Court Opinion

ID: 9569009
Source: CourtListenerOpinion
Date Created: 2023-08-21 20:09:41.190244+00
Date Added: 2024-06-11T11:19:00.540820
License: Public Domain

GOOLSBY, J.
(concurring in result):.
I concur in the result reached by the majority, that an Ohio conviction for the crime of abduction does not qualify as a *343second or subsequent conviction under S.C.Code Ann. § 24-21-640 (Supp.2002), a statute that prohibits the Board of South Carolina Probation, Parole and Pardon Services from granting a parole to a “prisoner serving a second or subsequent conviction ... for violent crimes as defined in Section 16-1-60.” I simply differ with the majority in how we should arrive at that conclusion.
The respondent Jack L. Hinton, a prisoner serving a sentence for kidnapping since his conviction in 1992 in Greenville County, South Carolina, once served a sentence of from three to ten years following his conviction in 1986 in Hamilton County, Ohio, for the offense of abduction, an offense proscribed by Ohio Rev.Code Ann. § 2905.02 (2002).
Section 24-21-640 provides in part as follows:
The board must not grant parole nor is parole authorized to any prisoner serving a sentence for a second or subsequent conviction, following a separate sentencing for a prior conviction, for violent crimes as defined in Section 16-1-60.
At the time of his conviction in South Carolina in 1992, S.C.Code Ann. § 16-1-60 (1991),1 provided in relevant part:
For purposes of definition under South Carolina law, a violent crime includes the offenses of ... kidnapping....
A related statute, S.C.Code Ann. § 16-1-70 (1991), defined a “nonviolent crime” as including “all offenses not specifically enumerated in Section 16-1-60.”
Subsequent amendments to Section 16-1-60,2 among other things, added code sections to identify the offenses defined as violent crimes and a second sentence which reads, “Only those offenses specifically enumerated in this section are considered violent offenses.”
Because Section 16-1-60 is a penal statute, its terms must be strictly construed against the State and in favor of the defendant.3 We, as judges, can add nothing to the words of *344the statute either by inference or intendment but must construe those words literally.'4
At no point in its history has Section 16-1-60 defined the offense of abduction in violation of Ohio Rev.Code Ann. § 2905.02 (2002) as a violent crime. That offense throughout has not been one “specifically enumerated in Section 16-1-60.” According a strict construction to Section 16-1-60 and a liberal construction to Section 16-1-70, we can only conclude that the term “violent crime,” as used in Section 16-1-60 does not include the offense of abduction in violation of Ohio Rev.Code Ann. § 2905.02 (2002).
This court’s decision in State v. Zulfer,5 a case that dealt with S.C.Code Ann. § 16-11-311(A)(2) (Supp.2000), does not aid the State. The wording that statute employs differs considerably from that of Section 16-1-60.

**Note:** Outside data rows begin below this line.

lemma chebyshev_weights_exist:
  fixes S :: "'a::euclidean_space set"
  assumes S: "finite S" "S \<noteq> {}"
  obtains c l where "chebyshev_weights S c l"
proof -
  obtain c where min: "\<And>c'. max_dist c S \<le> max_dist c' S"
    using max_dist_attains_min[OF S] by blast
  have rad: "cheb_rad S = max_dist c S" by (rule cheb_rad_eq_max_dist[OF S min])
  define A where "A = {y \<in> S. dist c y = cheb_rad S}"
  have "c \<in> convex hull A" using minimax_centre_in_convex_hull[OF S min] by (simp add: A_def rad)
  then obtain u where u: "\<forall>y\<in>A. 0 \<le> u y" "sum u A = 1" "(\<Sum>y\<in>A. u y *\<^sub>R y) = c"
    using convex_hull_finite[of A] S(1) by (auto simp: A_def)
  define l where "l y = (if y \<in> A then u y else 0)" for y
  have "S \<inter> A = A" by (auto simp: A_def)
  moreover have "(\<Sum>y\<in>S. l y *\<^sub>R y) = (\<Sum>y\<in>S. if y \<in> A then u y *\<^sub>R y else 0)"
    by (intro sum.cong) (auto simp: l_def)
  ultimately have sums: "sum l S = sum u A" "(\<Sum>y\<in>S. l y *\<^sub>R y) = (\<Sum>y\<in>A. u y *\<^sub>R y)"
    using sum.inter_restrict[OF S(1), of u A] sum.inter_restrict[OF S(1), of "\<lambda>y. u y *\<^sub>R y" A]
    by (simp_all add: l_def)
  have "chebyshev_weights S c l"
    unfolding chebyshev_weights_def
    using dist_le_max_dist[OF S(1)] u sums by (auto simp: rad l_def A_def)
  then show thesis by (rule that)
qed

lemma weighted_sum_sq_dist:
  fixes S :: "'a::real_inner set"
  assumes "finite S" "sum l S = 1" "(\<Sum>p\<in>S. l p *\<^sub>R p) = c"
  shows "(\<Sum>p\<in>S. l p * (dist p q)\<^sup>2) = (\<Sum>p\<in>S. l p * (dist p c)\<^sup>2) + (dist q c)\<^sup>2"
proof -
  have "(\<Sum>p\<in>S. l p *\<^sub>R (p - c)) = 0"
    using assms by (simp add: scaleR_diff_right sum_subtractf flip: scaleR_sum_left)
  moreover have "(\<Sum>p\<in>S. l p * inner (p - c) (q - c)) = inner (\<Sum>p\<in>S. l p *\<^sub>R (p - c)) (q - c)"
    by (simp add: inner_sum_left)
  ultimately have cross: "(\<Sum>p\<in>S. l p * inner (p - c) (q - c)) = 0" by simp
  have expand: "(dist p q)\<^sup>2 = (dist p c)\<^sup>2 - 2 * inner (p - c) (q - c) + (dist q c)\<^sup>2" for p
  proof -
    have "p - q = (p - c) - (q - c)" by simp
    then show ?thesis
      using inner_diff_diff_self[of "p - c" "q - c"] by (simp add: dist_norm dot_square_norm)
  qed
  have "(\<Sum>p\<in>S. l p * (dist p q)\<^sup>2) =
      (\<Sum>p\<in>S. l p * (dist p c)\<^sup>2 - 2 * (l p * inner (p - c) (q - c)) + l p * (dist q c)\<^sup>2)"
    by (intro sum.cong refl) (simp add: expand algebra_simps)
  also have "\<dots> = (\<Sum>p\<in>S. l p * (dist p c)\<^sup>2) - 2 * (\<Sum>p\<in>S. l p * inner (p - c) (q - c))
      + (\<Sum>p\<in>S. l p) * (dist q c)\<^sup>2"
    by (simp add: sum.distrib sum_subtractf sum_distrib_left sum_distrib_right)
  finally show ?thesis using cross assms(2) by simp
qed

lemma sq_dist_le_one_of_diameter:
  assumes "finite S" "diameter S \<le> 1" "x \<in> S" "y \<in> S"
  shows "(dist x y)\<^sup>2 \<le> 1"
proof -
  have "dist x y \<le> 1"
    using diameter_bounded_bound[OF finite_imp_bounded[OF assms(1)] assms(3,4)] assms(2) by linarith
  then show ?thesis by (simp add: power_le_one)
qed

lemma weighted_sum_sq_dist_le:
  assumes "finite S" "diameter S \<le> 1" "\<And>p. p \<in> S \<Longrightarrow> 0 \<le> l p" "q \<in> S"
  shows "(\<Sum>p\<in>S. l p * (dist p q)\<^sup>2) \<le> sum l S - l q"
proof -
  have "(\<Sum>p\<in>S. l p * (dist p q)\<^sup>2) \<le> (\<Sum>p\<in>S. l p * (if p = q then 0 else 1))"
    using assms(3) sq_dist_le_one_of_diameter[OF assms(1,2) _ assms(4)]
    by (intro sum_mono mult_left_mono) auto
  also have "\<dots> = sum l S - l q"
    using assms(1,4) by (simp add: if_distrib sum.If_cases Diff_eq[symmetric] sum_diff1)
  finally show ?thesis .
qed

lemma chebyshev_weights_sum_sq_dist:
  assumes w: "chebyshev_weights S c l" and "finite S" and "dist c q = cheb_rad S"
  shows "(\<Sum>p\<in>S. l p * (dist p q)\<^sup>2) = 2 * (cheb_rad S)\<^sup>2"
proof -
  have "(\<Sum>p\<in>S. l p * (dist p c)\<^sup>2) = (\<Sum>p\<in>S. l p * (cheb_rad S)\<^sup>2)"
    using w by (intro sum.cong refl) (auto simp: chebyshev_weights_def dist_commute)
  then show ?thesis
    using weighted_sum_sq_dist[of S l c q] w assms(2,3)
    by (simp add: chebyshev_weights_def dist_commute flip: sum_distrib_right)
qed

lemma chebyshev_weights_active_le:
  assumes w: "chebyshev_weights S c l" and "finite S" "diameter S \<le> 1"
    and "q \<in> S" "dist c q = cheb_rad S"
  shows "2 * (cheb_rad S)\<^sup>2 \<le> 1 - l q"
  using chebyshev_weights_sum_sq_dist[OF w assms(2,5)] weighted_sum_sq_dist_le[OF assms(2,3) _ assms(4), of l] w
  by (simp add: chebyshev_weights_def)

lemma jung_active_points:
  assumes w: "chebyshev_weights S c l" and S: "finite S" "diameter S \<le> 1"
  defines "A \<equiv> {q \<in> S. dist c q = cheb_rad S}"
  shows "real (card A) * (2 * (cheb_rad S)\<^sup>2) \<le> real (card A) - 1"
proof -
  have "sum l A = sum l S"
    using w S(1) by (intro sum.mono_neutral_left) (auto simp: A_def chebyshev_weights_def)
  then have "sum l A = 1" using w by (simp add: chebyshev_weights_def)
  moreover have "(\<Sum>q\<in>A. 2 * (cheb_rad S)\<^sup>2) \<le> (\<Sum>q\<in>A. 1 - l q)"
    using chebyshev_weights_active_le[OF w S] by (intro sum_mono) (simp add: A_def)
  ultimately show ?thesis by (simp add: sum_subtractf)
qed

lemma near_jung_radius_sq:
  fixes d \<epsilon> R :: real
  assumes "0 \<le> d" "\<epsilon> \<le> 1" "(1 - \<epsilon>) * sqrt (d / (2 * (d + 1))) \<le> R"
  shows "(1 - 2 * \<epsilon>) * d \<le> (d + 1) * (2 * R\<^sup>2)"
proof -
  have "((1 - \<epsilon>) * sqrt (d / (2 * (d + 1))))\<^sup>2 \<le> R\<^sup>2"
    using assms by (intro power_mono) auto
  then have "(1 - \<epsilon>)\<^sup>2 * (d / (2 * (d + 1))) \<le> R\<^sup>2"
    using assms(1) by (simp add: power_mult_distrib)
  moreover have "(1 - 2 * \<epsilon>) * (d / (2 * (d + 1))) \<le> (1 - \<epsilon>)\<^sup>2 * (d / (2 * (d + 1)))"
    using assms(1) by (intro mult_right_mono) (auto simp: power2_eq_square algebra_simps)
  ultimately have "(1 - 2 * \<epsilon>) * (d / (2 * (d + 1))) \<le> R\<^sup>2" by linarith
  then show ?thesis using assms(1) by (simp add: field_simps)
qed

lemma near_jung_all_active:
  fixes S :: "'a::euclidean_space set"
  assumes w: "chebyshev_weights S c l" and S: "finite S" "card S \<le> d + 1" "diameter S \<le> 1"
    and \<epsilon>: "2 * \<epsilon> * (real d)\<^sup>2 < 1"
    and Q: "(1 - 2 * \<epsilon>) * real d \<le> (real d + 1) * (2 * (cheb_rad S)\<^sup>2)"
  shows "card S = d + 1" and "\<forall>q\<in>S. dist c q = cheb_rad S"
proof -
  define A where "A = {q \<in> S. dist c q = cheb_rad S}"
  define Q where "Q = 2 * (cheb_rad S)\<^sup>2"
  have A_sub: "A \<subseteq> S" by (auto simp: A_def)
  have jung: "real (card A) * Q \<le> real (card A) - 1"
    using jung_active_points[OF w S(1,3)] by (simp add: A_def Q_def)
  \<comment> \<open>With at most \<open>d\<close> active points Jung's bound contradicts the near-extremal radius.\<close>
  have "d + 1 \<le> card A"
  proof (rule ccontr)
    assume "\<not> d + 1 \<le> card A"
    then have k: "real (card A) \<le> real d" by simp
    have k1: "1 \<le> real (card A)" using jung by (cases "card A = 0") auto
    have "real (card A) * (real d * Q) \<le> real d * (real (card A) - 1)"
      using mult_left_mono[OF jung, of "real d"] by (simp add: algebra_simps)
    also have "\<dots> \<le> real (card A) * (real d - 1)" using k by (simp add: algebra_simps)
    finally have "real d * Q \<le> real d - 1" using k1 by simp
    then have "(real d + 1) * (real d * Q) \<le> (real d + 1) * (real d - 1)" by (simp add: mult_left_mono)
    moreover have "real d * ((1 - 2 * \<epsilon>) * real d) \<le> real d * ((real d + 1) * Q)"
      using Q by (simp add: mult_left_mono Q_def)
    ultimately have "(1 - 2 * \<epsilon>) * (real d)\<^sup>2 \<le> (real d)\<^sup>2 - 1"
      by (simp add: power2_eq_square algebra_simps)
    then show False using \<epsilon> by (simp add: algebra_simps)
  qed
  then have "card A = card S" using card_mono[OF S(1) A_sub] S(2) by simp
  then have "A = S" using card_subset_eq[OF S(1) A_sub] by simp
  then show "card S = d + 1" and "\<forall>q\<in>S. dist c q = cheb_rad S"
    using \<open>d + 1 \<le> card A\<close> S(2) by (auto simp: A_def)
qed
text \<open>The isomorphism maps x_j^2 to the square of a class in H^2((CP^1)^n; Z/2), which is zero.\<close>
lemma even_if_Z2_trivial:
  assumes "Z2_trivial n A" and "1 \<le> i" "i < j" "j \<le> n"
  shows "even (A i j)"
proof -
  obtain \<phi> :: "bit mpoly set \<Rightarrow> bit mpoly set"
    where iso: "\<phi> \<in> ring_iso (coh n A) (coh n (\<lambda>_ _. 0))"
      and graded: "\<phi> ` cohdeg n A 2 = cohdeg n (\<lambda>_ _. 0) 2"
    using assms(1) unfolding Z2_trivial_def graded_ring_iso_coh_def by blast
  then have hom: "\<phi> \<in> ring_hom (coh n A) (coh n (\<lambda>_ _. 0))"
    by (simp add: ring_iso_def)
  have v: "(var j :: bit mpoly) \<in> carrier (poly_ring n)"
    using assms by (intro var_in_carrier) simp
  define x where "x = cls n A (var j :: bit mpoly)"
  have x: "x \<in> carrier (coh n A)"
    unfolding x_def by (rule cls_in_carrier[OF v])
  have "x \<in> cohdeg n A 2"
    using v by (auto simp: x_def cohdeg_def homog_def var_def)
  then have "\<phi> x \<otimes>\<^bsub>coh n (\<lambda>_ _. 0)\<^esub> \<phi> x = \<zero>\<^bsub>coh n (\<lambda>_ _. 0)\<^esub>"
    using graded cohdeg_2_square_eq_zero by blast
  then have "\<phi> (x \<otimes>\<^bsub>coh n A\<^esub> x) = \<zero>\<^bsub>coh n (\<lambda>_ _. 0)\<^esub>"
    using ring_hom_mult[OF hom x x] by simp
  then have "x \<otimes>\<^bsub>coh n A\<^esub> x = \<zero>\<^bsub>coh n A\<^esub>"
    by (rule ring_iso_reflects_zero[OF iso ring_coh ring_coh monoid.m_closed[OF ring.is_monoid[OF ring_coh] x x]])
  then have "(var j)\<^sup>2 \<in> (rel_ideal n A :: bit mpoly set)"
    using cls_mult[OF v v] cls_eq_zero_iff[OF poly_ring_mult_closed[OF v v]]
    by (simp add: x_def power2_eq_square)
  then show ?thesis
    using even_if_var_square_in_rel_ideal assms by blast
qed

lemma Z2_trivial_if_even:
  assumes "\<forall>j\<in>{1..n}. \<forall>i\<in>{1..<j}. even (A i j)"
  shows "Z2_trivial n A"
proof -
  have "(alpha A j :: bit mpoly) = 0" if "j \<in> {1..n}" for j
    unfolding alpha_eq_sum_single
  proof (rule sum.neutral, intro ballI)
    fix i assume "i \<in> {1..<j}"
    then have "(of_int (A i j) :: bit) = 0"
      using assms that by (simp add: of_int_bit_eq_0_iff)
    then show "Poly_Mapping.single (mon i) (of_int (A i j) :: bit) = 0"
      by simp
  qed
  then have "(bott_relation A ` {1..n} :: bit mpoly set) = bott_relation (\<lambda>_ _. 0) ` {1..n}"
    by (intro image_cong) (simp_all add: bott_relation_def)
  then have ideal_eq: "(rel_ideal n A :: bit mpoly set) = rel_ideal n (\<lambda>_ _. 0)"
    by (simp only: rel_ideal_eq_genideal)
  have "graded_ring_iso_coh n A (\<lambda>_ _. 0) (id :: bit mpoly set \<Rightarrow> bit mpoly set)"
    unfolding graded_ring_iso_coh_def coh_def cohdeg_def cls_def ideal_eq
    by (simp add: ring_iso_set_refl)
  then show ?thesis
    unfolding Z2_trivial_def by blast
qed

theorem lemma6p4:
  fixes n :: nat and A :: "nat \<Rightarrow> nat \<Rightarrow> int"
  assumes "strict_upper n A"
  shows "(Z2_trivial n A
           \<longleftrightarrow> (\<forall>j\<in>{1..n}. \<exists>y \<in> cohdeg n A 2.
                 cls n A (alpha A j :: int mpoly) = y \<oplus>\<^bsub>coh n A\<^esub> y))
       \<and> ((\<forall>j\<in>{1..n}. \<exists>y \<in> cohdeg n A 2.
                 cls n A (alpha A j :: int mpoly) = y \<oplus>\<^bsub>coh n A\<^esub> y)
           \<longleftrightarrow> (\<forall>i\<in>{1..n}. \<forall>j\<in>{1..n}. even (A i j)))"
proof -
  let ?even_above_diagonal = "\<forall>j\<in>{1..n}. \<forall>i\<in>{1..<j}. even (A i j)"
  have "even (A i j)" if "?even_above_diagonal" "i \<in> {1..n}" "j \<in> {1..n}" for i j
    using that assms by (cases "j \<le> i") (auto simp: strict_upper_def)
  then have "(\<forall>i\<in>{1..n}. \<forall>j\<in>{1..n}. even (A i j)) \<longleftrightarrow> ?even_above_diagonal"
    by auto
  moreover have "Z2_trivial n A \<longleftrightarrow> ?even_above_diagonal"
    using even_if_Z2_trivial Z2_trivial_if_even by auto
  moreover have "(\<forall>j\<in>{1..n}. \<exists>y \<in> cohdeg n A 2.
      cls n A (alpha A j :: int mpoly) = y \<oplus>\<^bsub>coh n A\<^esub> y) \<longleftrightarrow> ?even_above_diagonal"
    using even_if_alpha_double alpha_double_if_even[where 'a = int] by auto
  ultimately show ?thesis
    by blast
qed

end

. See Act No. 184, 1993 S.C. Acts 3239.

. See Act No. 7, 1995 S.C. Acts 50; Act No. 83, 1995 S.C. Acts 556; Act No. 113, 1997 S.C. Acts 524; Act No. 136, 1997 S.C. Acts 688; Act No. 402, 1998 S.C. Acts 2450; Act No. 261, 2000 S.C. Acts 1929.

. State v. Cutler, 274 S.C. 376, 378, 264 S.E.2d 420, 420-21 (1980).

. State v. Lewis, 141 S.C. 207, 220-21, 139 S.E. 386, 391 (1927).

. 345 S.C. 258, 547 S.E.2d 885 (Ct.App.2001), cert. dismissed, 353 S.C. 537, 579 S.E.2d 317 (2003).